Quindi l’aumento di capitale non risolve i problemi del club giallorosso che nell’ultimo triennio ha avuto perdite superiori ai 50 milioni. Del resto nel prospetto informativo che il club ha dovuto inviare per l’aumento di capitale nei fattore rischi c’è scritto che “Alla Data del Prospetto, l’Emittente non risulta in linea con i parametri stabiliti dal Fair play finanziario in quanto: 1) il risultato aggregato dei tre anni 2011/2012, 2012/2013 e 2013/2014, non rispetterà la soglia, pari ad un risultato negativo complessivamente non superiore a 5 milioni di euro, ovvero a 45 milioni di euro in caso di ricapitalizzazione, definita per il rispetto della ‘Break-Even Rule’. 2) presenta un patrimonio netto consolidato è negativo”.

La Roma ha chiuso gli ultimi due bilanci con una perdita complessiva di circa 98 milioni di euro. Una norma del Fair Play viene in aiuto del club giallorosso permettendo alla società di ridurre il rosso. La clausola Ernesto Paolillo, chiamata così perchè fu il dirigente dell’Inter a volerla fortemente, consente di non inserire solamente nel bilancio al 30 giugno 2012, gli ingaggi dei calciatori messi sotto contratto il 1° giugno 2010 e gli investimenti fatti nel settore giovanile.

Questo permetterebbe alla società giallorossa di escludere per esempio i costosi contratti di De Rossi e Totti ma come detto non risolve il problema perchè i bilanci giallorossi restano complessivamente sopra i 45 milioni di rosso. La Roma però con il rientro in Champions League confida in un consistente aumento dei ricavi.

Secondo i calcoli del club la società di Pallotta dovrebbe incassare complessivamente tra bonus e market pool e i proventi televisivi minimi garantiti per la partecipazione alla Uefa Champions League 2014/15 di circa 31 milioni di euro. Il problema grave è che nella prima parte del mercato estivo Sabatini anzichè provare a ridurre il debito con cessioni eccellenti ha incrementato il rosso.

Come si può evincere dal secondo supplemento al prospetto informativo per la sottoscrizione dell'aumento di capitale - che tra l'altro non considera gli esborsi per Astori, Paredes e Sanabria - il club ha speso 34.150 milioni fino al 17 luglio, avendo un bilancio della campagna in una perdita per 25.415 milioni di euro (passivo già salito oltre i 30). Cifra che si andrebbe a sommare ai 50 milioni di rosso dell’ultimo trimeste che porterebbe il club ben lontano dalla soglia dei 45 milioni del fair play finanziario.

In questo supplemento spicca ovviamente il costo di Iturbe, pagato 22 milioni di euro, e della prima parte di Nainggolan valutato 6 milioni di euro. A questo va considerato che lo stipendio di Iturbe costerà alla Roma qualcosa vicino agli 8 milioni di euro.
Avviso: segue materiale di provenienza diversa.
text \<open>The maximal Lyndon factor ending at \<open>j\<close> is the copy of the one ending at \<open>j mod q\<close>: any
  longer Lyndon factor would have a proper suffix equal to a prefix of \<open>y\<close>.\<close>

lemma lyn_periodic:
  fixes y :: "'a::linorder list"
  assumes "lyndon y" "0 < q" "q \<le> j" "j < length y" "periodic_upto y q (Suc j)"
  shows "lyn y j = lyn y (j mod q)" "lyn_factor y j = lyn_factor y (j mod q)"
proof -
  define r where "r = j mod q"
  define base where "base = j - r"
  have rj: "r \<le> j" unfolding r_def by simp
  have bdvd: "base mod q = 0" unfolding base_def r_def by (simp add: minus_mod_eq_mult_div)
  have rn: "r < length y" using rj assms by simp
  have bs: "base + Suc r = Suc j" using rj unfolding base_def by simp
  have copy: "y!(base + t) = y!t" if t: "t \<le> r" for t
  proof (rule periodic_upto_nth_eq[OF assms(5)])
    show "base + t < Suc j" "t < Suc j" using t rj unfolding base_def by simp_all
    show "(base + t) mod q = t mod q" using bdvd by (simp add: mod_add_left_eq[symmetric])
  qed
  have same: "factor y (Suc j - L) L = factor y (Suc r - L) L" if L: "L \<le> Suc r" for L
  proof -
    have "Suc j - L = base + (Suc r - L)" using L bs by simp
    moreover have "factor y (base + (Suc r - L)) L = factor y (Suc r - L) L"
    proof (rule factor_eqI)
      show "base + (Suc r - L) + L \<le> length y" "Suc r - L + L \<le> length y"
        using bs L rj assms by simp_all
      fix t assume "t < L"
      hence "Suc r - L + t \<le> r" using L by simp
      thus "y!(base + (Suc r - L) + t) = y!(Suc r - L + t)" using copy by (simp add: add.assoc)
    qed
    ultimately show ?thesis by simp
  qed
  have longer: "\<not> lyndon (factor y (Suc j - L) L)" if L: "Suc r < L" "L \<le> Suc j" for L
  proof
    assume ly: "lyndon (factor y (Suc j - L) L)"
    have "factor y base (Suc r) = take (Suc r) y"
      using copy bs assms by (simp add: factor_eq_take_iff)
    moreover have "Suc j - L + (L - Suc r) = base" "L - (L - Suc r) = Suc r"
      using L bs by auto
    moreover have "Suc j - L + L \<le> length y" "0 < L - Suc r" "L - Suc r < L" using L assms by auto
    ultimately show False using lyndon_factor_suffix_neq_take[OF assms(1) ly] by metis
  qed
  have lr: "0 < lyn y r \<and> lyn y r \<le> Suc r \<and> lyndon (factor y (Suc r - lyn y r) (lyn y r))"
    using lyn_props[OF rn] .
  have "lyn y j = lyn y r"
  proof (rule lyn_eqI)
    show "0 < lyn y r" "lyn y r \<le> Suc j" using lr rj by simp_all
    show "lyndon (factor y (Suc j - lyn y r) (lyn y r))" using lr same by simp
    fix L' assume L': "lyn y r < L'" "L' \<le> Suc j"
    show "\<not> lyndon (factor y (Suc j - L') L')"
      using same lyn_maximal[OF rn L'(1)] longer L' by (cases "L' \<le> Suc r") simp_all
  qed
  moreover have "lyn_factor y j = lyn_factor y r"
    using calculation same lr unfolding lyn_start_def by simp
  ultimately show "lyn y j = lyn y (j mod q)" "lyn_factor y j = lyn_factor y (j mod q)"
    unfolding r_def by simp_all
qed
La situazione è preoccupante e non può sicuramente risolverà l’accordo importante con la Nike, che ha già versato un cospicuo anticipo.

Molti tifosi contestano alla UEFA di non aver sanzionato club come Manchester City e Paris Saint German che avrebbero infranto il Fair Play Finanziario. Ma i due club in realtà avrebbero solamente trovato il modo di “aggirare” le regole UEFA con delle mega sponsorizzazioni, ovviamente autorizzate, da società che però sono facilmente riconducibili ai proprietari dei due club calcistici. Ma questi sono escamotage per superare la normativa mentre la Roma è in evidente violazione della legge. Da ricordare che in passato il Malaga è stato sanzionato per non aver rispettato i parametri (stipendi non pagati ai giocatori).

Per risanare la situazione il club giallorosso sembra costretto a vendere due pezzi grossi della squadra sperando di incassare cifre importanti, intorno ai 50 milioni di euro, per poter rientrare nei parametri richiesti dal Fair Play. Pjanic, Strootman e Benatia sono i giocatori con maggior mercato anche se Sabatini ha sempre negato di averli messi sul mercato.

I numeri però non mentono e la Roma deve rientrare nei parametri del Fair Play per non incorrere in sanzioni, applicabili il prossimo anno, e rischiare di essere esclusa dall’Europa. Per questo motivo vanno fatte due cessioni eccellenti e ovviamente a cifre consistenti perchè questo è l’unico modo per rientrare di un rosso così elevato come quello del club giallorosso.